Most of us have the vaccines our doctors recommend, helping to reduce the risk that we – and those around us – will suffer vaccine-preventable diseases.
But what happens when people opt out?
If you decide not to visit your dentist, choose to eat badly or refuse to wear a helmet while cycling, you put yourself at risk. The direct impact on other people’s health is (pretty much) zero.
With vaccines, the health of your community could be affected. You might catch – and spread – infectious diseases at school, in the workplace or in public places.
If enough people in a community are vaccinated, ‘herd immunity’ can be achieved. This makes it very difficult for infectious diseases to spread because a significant majority of people are protected.
Given that we have a stake in our neighbours’ vaccination status, is it reasonable to insist that everyone have their vaccines? Should it be a condition of accessing education, employment or social payments?
To help understand the issues at play, we sat down with some leading experts and asked whether mandatory vaccination is the answer to minimising the impact of diseases such as measles, diphtheria and pertussis.
Dr Julie Leask of the University of Sydney, says regulation is useful but that absolute mandates go too far. “We need requirements that encourage parents to get their children fully vaccinated,” she says. “But there need to be exemptions for people that don’t vaccinate.
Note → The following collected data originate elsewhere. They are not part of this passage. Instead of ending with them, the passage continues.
(* Let $(t_j^i)_{0\le j\le i}$ be real numbers and let $h_{j,k}^i$ ($0\le k\le i$, $0\le j\le i-k$) be defined by $h_{j,0}^i=t_j^i$ and $h_{j,k}^i=h_{j,k-1}^{i-1}+h_{j,k-1}^{i}+h_{j+1,k-1}^{i}$ for $k\ge 1$. Then for any $0\leq k \leq i$, $0\leq j \leq i-k$, $$h^i_{j,k}=\sum_{r=i-k}^{i} \sum_{s=j}^{j+k-i+r} \binom{k}{s-j,\,i-r,\,k+j+r-s-i} t_{s}^{r}.$$
   Context: For non-negative integers $p,q,r$ with $p+q+r=n$, $\binom{n}{p,q,r}=\frac{n!}{p!\,q!\,r!}$ denotes the tetrahedron trinomial coefficient. *)

theory Defs
  imports Complex_Main
begin

text \<open>Trinomial coefficient n!/(p! q! r!), used only when p + q + r = n.\<close>
definition trinom :: "nat \<Rightarrow> nat \<Rightarrow> nat \<Rightarrow> nat \<Rightarrow> real" where
  "trinom n p q r = fact n / (fact p * fact q * fact r)"

text \<open>hh t i j k = h^i_{j,k}, where t i j = t^i_j.\<close>
fun hh :: "(nat \<Rightarrow> nat \<Rightarrow> real) \<Rightarrow> nat \<Rightarrow> nat \<Rightarrow> nat \<Rightarrow> real" where
  "hh t i j 0 = t i j"
| "hh t i j (Suc k) = hh t (i - 1) j k + hh t i j k + hh t i (j + 1) k"

end

theory Submission
  imports Defs
begin

text \<open>The trinomial coefficients extended by zero obey the Pascal-type recurrence
  C(k+1; a, b) = C(k; a-1, b) + C(k; a, b) + C(k; a, b-1), mirroring the recurrence of h,
  in which raising j by one plays the role of a and lowering i by one that of b. Induction
  on k therefore gives h^i_{j,k} = \<Sum>_{a,b} C(k; a, b) t^{i-b}_{j+a}, and the substitution
  r = i - b, s = j + a turns this into the stated formula.\<close>

definition trinom_coeff :: "nat \<Rightarrow> nat \<Rightarrow> nat \<Rightarrow> real" where
  "trinom_coeff k a b = (if a + b \<le> k then trinom k a b (k - a - b) else 0)"

lemma inverse_fact_pred: "(if n > 0 then 1 / fact (n - 1) else 0) = real n / (fact n :: real)"
proof (cases n)
  case (Suc m)
  have "fact (Suc m) = real (Suc m) * (fact m :: real)" by simp
  then show ?thesis using Suc by (simp del: of_nat_Suc fact_Suc)
qed simp

lemma trinom_Suc:
  assumes "a + b + c = Suc k"
  shows "trinom (Suc k) a b c =
    (if a > 0 then trinom k (a - 1) b c else 0) +
    (if b > 0 then trinom k a (b - 1) c else 0) +
    (if c > 0 then trinom k a b (c - 1) else 0)"
proof -
  have "real a + real b + real c = real (Suc k)" using assms by linarith
  then have "trinom (Suc k) a b c =
      fact k / (fact a * fact b * fact c) * (real a + real b + real c)"
    by (simp add: trinom_def field_simps)
  also have "\<dots> = fact k / (fact b * fact c) * (real a / fact a) +
      fact k / (fact a * fact c) * (real b / fact b) +
      fact k / (fact a * fact b) * (real c / fact c)"
    by (simp add: field_simps)
  finally show ?thesis
    unfolding inverse_fact_pred[symmetric] by (simp add: trinom_def ac_simps)
qed

lemma trinom_coeff_Suc:
  "trinom_coeff (Suc k) a b =
     (if a > 0 then trinom_coeff k (a - 1) b else 0) + trinom_coeff k a b +
     (if b > 0 then trinom_coeff k a (b - 1) else 0)"
proof (cases "a + b \<le> Suc k")
  case True
  have rec: "trinom (Suc k) a b (Suc k - a - b) =
    (if a > 0 then trinom k (a - 1) b (Suc k - a - b) else 0) +
    (if b > 0 then trinom k a (b - 1) (Suc k - a - b) else 0) +
    (if Suc k - a - b > 0 then trinom k a b (Suc k - a - b - 1) else 0)"
    by (rule trinom_Suc) (use True in simp)
  show ?thesis
  proof (cases "a + b \<le> k")
    case True
    then show ?thesis using rec by (auto simp: trinom_coeff_def Suc_diff_le)
  next
    case False
    with \<open>a + b \<le> Suc k\<close> have "a + b = Suc k" by simp
    with rec show ?thesis by (auto simp: trinom_coeff_def)
  qed
next
  case False
  then show ?thesis by (auto simp: trinom_coeff_def)
qed

lemma hh_eq_trinom_coeff_sum:
  assumes "k \<le> A" and "k \<le> B"
  shows "hh t i j k = (\<Sum>a\<le>A. \<Sum>b\<le>B. trinom_coeff k a b * t (i - b) (j + a))"
  using assms
proof (induction k arbitrary: i j A B)
  case 0
  have "trinom_coeff 0 a b * x = (if b = 0 then if a = 0 then x else 0 else 0)" for a b x
    by (simp add: trinom_coeff_def trinom_def)
  then show ?case by (simp add: sum.delta)
next
  case (Suc k)
  obtain A' where A: "A = Suc A'" using Suc.prems by (cases A) auto
  obtain B' where B: "B = Suc B'" using Suc.prems by (cases B) auto
  have "(\<Sum>a\<le>A. \<Sum>b\<le>B. trinom_coeff (Suc k) a b * t (i - b) (j + a)) =
     (\<Sum>a\<le>A. \<Sum>b\<le>B. (if a > 0 then trinom_coeff k (a - 1) b else 0) * t (i - b) (j + a)) +
     (\<Sum>a\<le>A. \<Sum>b\<le>B. trinom_coeff k a b * t (i - b) (j + a)) +
     (\<Sum>a\<le>A. \<Sum>b\<le>B. (if b > 0 then trinom_coeff k a (b - 1) else 0) * t (i - b) (j + a))"
    by (simp add: trinom_coeff_Suc distrib_right sum.distrib)
  also have "(\<Sum>a\<le>A. \<Sum>b\<le>B. trinom_coeff k a b * t (i - b) (j + a)) = hh t i j k"
    using Suc.IH[of A B i j] Suc.prems by simp
  also have "(\<Sum>a\<le>A. \<Sum>b\<le>B. (if a > 0 then trinom_coeff k (a - 1) b else 0) * t (i - b) (j + a))
     = (\<Sum>a\<le>A'. \<Sum>b\<le>B. trinom_coeff k a b * t (i - b) ((j + 1) + a))"
    unfolding A sum.atMost_Suc_shift by simp
  also have "\<dots> = hh t i (j + 1) k"
    using Suc.IH[of A' B i "j + 1"] Suc.prems A by simp
  also have "(\<Sum>a\<le>A. \<Sum>b\<le>B. (if b > 0 then trinom_coeff k a (b - 1) else 0) * t (i - b) (j + a))
     = (\<Sum>a\<le>A. \<Sum>b\<le>B'. trinom_coeff k a b * t (i - 1 - b) (j + a))"
    unfolding B sum.atMost_Suc_shift by simp
  also have "\<dots> = hh t (i - 1) j k"
    using Suc.IH[of A B' "i - 1" j] Suc.prems B by simp
  finally show ?case by simp
qed

lemma hh_eq_triangle_sum:
  "hh t i j k = (\<Sum>b\<le>k. \<Sum>a\<le>k - b. trinom k a b (k - a - b) * t (i - b) (j + a))"
proof -
  have "hh t i j k = (\<Sum>b\<le>k. \<Sum>a\<le>k. trinom_coeff k a b * t (i - b) (j + a))"
    using hh_eq_trinom_coeff_sum[of k k k t i j] sum.swap by simp
  also have "\<dots> = (\<Sum>b\<le>k. \<Sum>a\<le>k - b. trinom_coeff k a b * t (i - b) (j + a))"
    by (intro sum.cong refl sum.mono_neutral_right) (auto simp: trinom_coeff_def)
  also have "\<dots> = (\<Sum>b\<le>k. \<Sum>a\<le>k - b. trinom k a b (k - a - b) * t (i - b) (j + a))"
    by (intro sum.cong refl) (auto simp: trinom_coeff_def)
  finally show ?thesis .
qed

theorem corollary3:
  fixes t :: "nat \<Rightarrow> nat \<Rightarrow> real" and i j k :: nat
  assumes "k \<le> i" and "j \<le> i - k"
  shows "hh t i j k =
    (\<Sum>r = i - k..i. \<Sum>s = j..j + k + r - i.
       trinom k (s - j) (i - r) (k + j + r - s - i) * t r s)"
proof -
  have "hh t i j k = (\<Sum>r = i - k..i. \<Sum>a\<le>k - (i - r).
      trinom k a (i - r) (k - a - (i - r)) * t r (j + a))"
    unfolding hh_eq_triangle_sum
    by (rule sum.reindex_bij_witness[where i="\<lambda>r. i - r" and j="\<lambda>b. i - b"])
       (use assms in auto)
  also have "\<dots> = (\<Sum>r = i - k..i. \<Sum>s = j..j + k + r - i.
       trinom k (s - j) (i - r) (k + j + r - s - i) * t r s)"
    by (intro sum.cong refl sum.reindex_bij_witness[where i="\<lambda>s. s - j" and j="\<lambda>a. j + a"])
       auto
  finally show ?thesis .
qed

end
It should be harder to get an exemption than to get a vaccine.”
Regulations work, she notes, and help to push the vaccination rates up. However, hard-to-get exemptions are an important component of ‘firm but fair’ policies. Removing other barriers to vaccination, educating health providers and providing strong information systems are also vital pieces of the puzzle.
It’s not all about childhood vaccination. Dr Leask also points to the risk of disease outbreaks resulting from low vaccination rates in adolescents and adults. This, she says, should be part of a multi-part approach to improving public health rather than expecting mandates alone to solve the problem.
Professor Saad Omer, Emory University, takes a similar view. Mandates should, he believes, be used as ‘nudges’. There should be exceptions for those with strong objections but these must be more difficult to secure than the vaccine itself.
“We have shown that there is a reduction in vaccine refusal – and increase in vaccine coverage – if you change the balance of convenience of obtaining exemptions,” he says.
From an ethical perspective, this is the most defendable option, according to Professor Omer: “That strikes the balance between individual autonomy and the community benefit of vaccines.”
Not everyone is so sure that this approach goes far enough. Will appealing to people’s sense of community, and nudging those who are a little hesitant, be sufficient to reach herd immunity (or ‘community immunity’ as it is something known).
Dr Katie Attwell, Murdoch University in Australia, explains why the concept of ‘community immunity’ lacks meaning for people in an individualistic culture.
“The concept of doing things for others has started to break down with the advent of neoliberal ideology, the cult of the individual, and with the idea that if we make decisions about our lives to benefit ourselves we are rewarded,” she says. “It’s very hard to then make claims that when it comes to vaccination you should be looking after other people.”
In addition to this “community deficit”, Dr Attwell says that for some who refuse vaccines, the very idea of herd immunity is open to question. They may not hold a scientific view but, unfortunately, some people remain unconvinced by research.
“Some parents would not see themselves as free-riders benefitting from other people’s decisions to vaccinate,” she explains. “They don’t see that vaccines work, and that what others are doing impacts on their health and wellbeing.”
In light of this, health policymakers have a serious problem: they are pitching the concept of community immunity to individuals whose faith in ‘community’ and ‘immunity’ are strained.
Dr Attwell says it’s time to look at all “tools in the toolbox”. These include persuasion, appealing to people’s values, and ensuring vaccines are accessible.
If all of this is in place and vaccination rates are too low, it may become necessary to consider more “coercive” options. The alternative would be to facilitate outbreaks of disease.
Does this mean we should reluctantly embrace vaccine mandates in Europe or would it do more harm than good?